Last week, after rumors spread on the
Internet that Chongqing Vice Mayor Wang Lijun had
sought asylum in the US consulate in Sichuan
province's capital city, Chengdu, located 340
kilometers northwest of Chongqing, US and Chinese
officials confirmed that Wang had visited the
embassy last Monday. But both sides said nothing
about any bid the 52-year-old Wang may have made
for asylum; nor was there any mention of "secret
papers" Wang was rumored to have offered in
exchange for a new home in the US.
"Our
folks met with him," US State Department
spokeswoman Vitoria Nuland said. "He did visit the
consulate, and he later left the consulate of his
own volition."
China's Foreign Ministry
released this statement: "Vice Mayor Wang entered
the US Consulate General on February 6, stayed
there for one day and left. Authorities are
investigating the case."
There have been
different reports about where this investigation
has led. Hong Kong's South China Morning Post,
citing anonymous sources in Beijing and Chongqing,
said Wang has been taken in for questioning by the
Central Commission for Discipline Inspection,
which would indicate the former crime-fighter and
graft-buster is now himself under investigation
for corruption.
But another, unconfirmed
report circulating on Chinese-language websites
that was also picked up by the Hong Kong-based
Information Center for Human Rights and Democracy
claims Wang has been seized by China's Ministry of
State Security. This is plausible since China's
security czar would no doubt be interested in what
Wang was talking about with the Americans during
his sojourn in their Chengdu consulate.
The mystery and intrigue is compounded by
this week's visit to the US by China's vice
president, Xi Jinping, who is expected to succeed
President Hu Jintao following the 18th party
congress later this year.
When Xi meets
with US President Barack Obama on Valentine's Day
at the White House, surely the last topic either
leader wants to discuss is Wang. This puts
Washington in a delicate position as it was the
decision by American consulate officials to meet
with Wang on Chinese soil that has stirred all the
controversy and ignited the cyber gossip.

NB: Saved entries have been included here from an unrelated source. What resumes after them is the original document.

(* Let $\mathcal{P}\subset\mathbb{R}^d$ be a polytope (cage) with $K$ vertices $v_1,\dots,v_K$, and let $\alpha=(\alpha_1,\dots,\alpha_K)^\top:\mathcal{P}\to\mathbb{R}^K$ be any valid generalized barycentric coordinate function for $\mathcal{P}$. Then for every $x\in\mathcal{P}$, the vector $\alpha(x)$ is a convex combination of simplex barycentric coordinate vectors $\alpha(x;\mathcal{P},T)$, where $T$ ranges over the simplices whose vertices are cage vertices of $\mathcal{P}$; that is, there exist weights $w_T(x)\ge 0$ with $\sum_T w_T(x)=1$ such that $\alpha(x)=\sum_T w_T(x)\,\alpha(x;\mathcal{P},T)$.
   Context: A function $\alpha:\mathcal{P}\to\mathbb{R}^K$ is a valid generalized barycentric coordinate function for $\mathcal{P}$ if for all $x\in\mathcal{P}$: (non-negativity) $\alpha_i(x)\ge 0$ for all $i$; (partition of unity) $\sum_i\alpha_i(x)=1$; (reproduction) $\sum_i \alpha_i(x)\,v_i = x$; and (Lagrange property) $\alpha_i(v_j)=\delta_{ij}$ for all $i,j$. For a non-degenerate (nonzero volume) simplex $T$ in $\mathbb{R}^d$ with vertex set $\{v_{l_0},\dots,v_{l_d}\}\subseteq\{v_1,\dots,v_K\}$ containing $x$, the simplex barycentric coordinates $\alpha(x;T)\in\mathbb{R}^{d+1}$ are the unique solution $\lambda$ of $\sum_{k}\lambda_k v_{l_k}=x$, $\sum_k\lambda_k=1$; the cage coordinates due to $T$, $\alpha(x;\mathcal{P},T)\in\mathbb{R}^K$, have entry $i$ equal to the simplex coordinate of $x$ associated with $v_i$ if $v_i$ is a vertex of $T$, and $0$ otherwise. *)

theory Defs
  imports "HOL-Analysis.Analysis"
begin

text \<open>The cage: vertices v 0, ..., v (K-1) in real^'n (indices shifted by one w.r.t. the paper).\<close>

definition is_cage :: "nat \<Rightarrow> (nat \<Rightarrow> real^'n) \<Rightarrow> (real^'n) set \<Rightarrow> bool" where
  "is_cage K v P \<longleftrightarrow>
     P = convex hull (v ` {..<K}) \<and>
     inj_on v {..<K} \<and>
     (\<forall>i<K. v i extreme_point_of P) \<and>
     aff_dim P = int CARD('n)"

definition valid_gbc :: "nat \<Rightarrow> (nat \<Rightarrow> real^'n) \<Rightarrow> (real^'n) set \<Rightarrow> (real^'n \<Rightarrow> nat \<Rightarrow> real) \<Rightarrow> bool" where
  "valid_gbc K v P alpha \<longleftrightarrow>
     (\<forall>x\<in>P.
        (\<forall>i<K. alpha x i \<ge> 0) \<and>
        (\<Sum>i<K. alpha x i) = 1 \<and>
        (\<Sum>i<K. alpha x i *\<^sub>R v i) = x) \<and>
     (\<forall>i<K. \<forall>j<K. alpha (v j) i = (if i = j then 1 else 0))"

definition cage_simplex :: "nat \<Rightarrow> (nat \<Rightarrow> real^'n) \<Rightarrow> nat set \<Rightarrow> bool" where
  "cage_simplex K v T \<longleftrightarrow>
     T \<subseteq> {..<K} \<and> card T = CARD('n) + 1 \<and> inj_on v T \<and>
     \<not> affine_dependent (v ` T)"

definition simplices_containing :: "nat \<Rightarrow> (nat \<Rightarrow> real^'n) \<Rightarrow> real^'n \<Rightarrow> nat set set" where
  "simplices_containing K v x =
     {T. cage_simplex K v T \<and> x \<in> convex hull (v ` T)}"

text \<open>Simplex barycentric coordinates of x w.r.t. T (the unique solution lambda, supported on T),
  extended by zero to all cage indices: the cage coordinates alpha(x; P, T).\<close>

definition cage_coords :: "(nat \<Rightarrow> real^'n) \<Rightarrow> nat set \<Rightarrow> real^'n \<Rightarrow> nat \<Rightarrow> real" where
  "cage_coords v T x =
     (THE l. (\<forall>j. j \<notin> T \<longrightarrow> l j = 0) \<and> (\<Sum>j\<in>T. l j) = 1 \<and> (\<Sum>j\<in>T. l j *\<^sub>R v j) = x)"

end

theory Submission
  imports Defs
begin

text \<open>Every nonnegative weight vector \<open>l\<close> on the cage vertices that reproduces \<open>x\<close> (in particular
  \<open>\<alpha>(x)\<close>) is a convex combination of cage coordinates; we induct on the size of the support of \<open>l\<close>.
  If the supporting vertices are affinely independent, they extend to a full-dimensional simplex
  \<open>T\<close> of cage vertices, and by uniqueness of simplex coordinates \<open>l = \<alpha>(x; P, T)\<close>.  Otherwise an
  affine dependence \<open>\<mu>\<close> among them yields weight vectors \<open>l - t\<^sub>1 \<mu>\<close> and \<open>l + t\<^sub>2 \<mu>\<close> with
  strictly smaller support, and \<open>l\<close> lies on the segment between them.\<close>

lemma affine_dependent_image_explicit:
  fixes v :: "'i \<Rightarrow> 'a::real_vector"
  assumes fin: "finite T" and inj: "inj_on v T"
  shows "affine_dependent (v ` T) \<longleftrightarrow>
    (\<exists>mu. sum mu T = 0 \<and> (\<exists>j\<in>T. mu j \<noteq> 0) \<and> (\<Sum>j\<in>T. mu j *\<^sub>R v j) = 0)"
proof -
  have reindex: "sum U (v ` T) = sum (U \<circ> v) T" "(\<Sum>y\<in>v ` T. U y *\<^sub>R y) = (\<Sum>j\<in>T. U (v j) *\<^sub>R v j)"
    for U :: "'a \<Rightarrow> real"
    using sum.reindex[OF inj, of U] sum.reindex[OF inj, of "\<lambda>y. U y *\<^sub>R y"] by simp_all
  show ?thesis
  proof
    assume "affine_dependent (v ` T)"
    then obtain U where "sum U (v ` T) = 0" "\<exists>y\<in>v ` T. U y \<noteq> 0" "(\<Sum>y\<in>v ` T. U y *\<^sub>R y) = 0"
      using affine_dependent_explicit_finite[OF finite_imageI[OF fin]] by blast
    then show "\<exists>mu. sum mu T = 0 \<and> (\<exists>j\<in>T. mu j \<noteq> 0) \<and> (\<Sum>j\<in>T. mu j *\<^sub>R v j) = 0"
      by (intro exI[of _ "U \<circ> v"]) (auto simp: reindex)
  next
    assume "\<exists>mu. sum mu T = 0 \<and> (\<exists>j\<in>T. mu j \<noteq> 0) \<and> (\<Sum>j\<in>T. mu j *\<^sub>R v j) = 0"
    then obtain mu where mu: "sum mu T = 0" "\<exists>j\<in>T. mu j \<noteq> 0" "(\<Sum>j\<in>T. mu j *\<^sub>R v j) = 0"
      by blast
    define U where "U = mu \<circ> inv_into T v"
    have U: "U (v j) = mu j" if "j \<in> T" for j
      using inj that by (simp add: U_def)
    have "sum U (v ` T) = 0" "(\<Sum>y\<in>v ` T. U y *\<^sub>R y) = 0" "\<exists>y\<in>v ` T. U y \<noteq> 0"
      using mu U by (simp_all add: reindex cong: sum.cong)
    then show "affine_dependent (v ` T)"
      using affine_dependent_explicit_finite[OF finite_imageI[OF fin]] by blast
  qed
qed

In return for asylum, did Wang offer
documents that would compromise Bo - the
"princeling" son of the late Bo Yibo, one of the
revered Eight Elders of the party? Speculation
that consular officials checked with Washington
and said "no" to avoid underming Xi's trip is
contradicted by US rules that prohibit diplomatic
posts from offering asylum. Asylum seekers must
apply inside the US or at border posts.
What does seem apparent is that neither
the Americans nor the Chinese want the Wang
incident to undermine Xi's visit. The topic will
not even come up during the Xi-Obama meeting in
Washington.
In China, however, it clearly
will not go away and could very well harm Bo's
campaign to become one of China's most powerful
men. No matter the final outcome of the Wang
ordeal, the Chongqing party chief's armor has
already been badly dented. But some China watchers
caution that, given Bo's strong connections to
other princelings including Xi himself, the Wang
case need not mark his political end as long as he
can clear himself of any charges that may emerge
against him.
Adding to the intrigue
surrounding the story is speculation that Wang's
actions are a part of a broader conspiracy to
discredit Bo for his iconoclasm and leftist
ideology, which have never been embraced by any of
the current Standing Committee members, including
Hu and Premier Wen Jiabao.
Wang's case
calls to mind the fall from power six years ago of
Shanghai mayor Chen Liangyu as Chinese leaders
were gearing up for the last party congress.
Suddenly, the previously untouchable Chen, an ally
of former President Jiang Zemin, was brought down
on charges of corruption in what was seen as a
victory for Hu as he maneuvered to enhance his
authority ahead of the congress that would
guarantee him a second term as president. Jiang's
influence has never been the same since.
In the week before he wound up on the
doorstep of the US consulate in Chengdu, Wang had
already fallen from grace. After apparently losing
favor with Bo, the vice mayor had been removed
from his job as police chief and reassigned to an
education and culture portfolio.
Guan
Haixiang, deputy party head of Chongqing's
Jiangjin district, will reportedly be the new
police boss. Before taking up his position in
Jiangjin, Guan, 42, spent 15 years on the central
committee of the Communist Party Youth League,
Hu's old stomping grounds and power base.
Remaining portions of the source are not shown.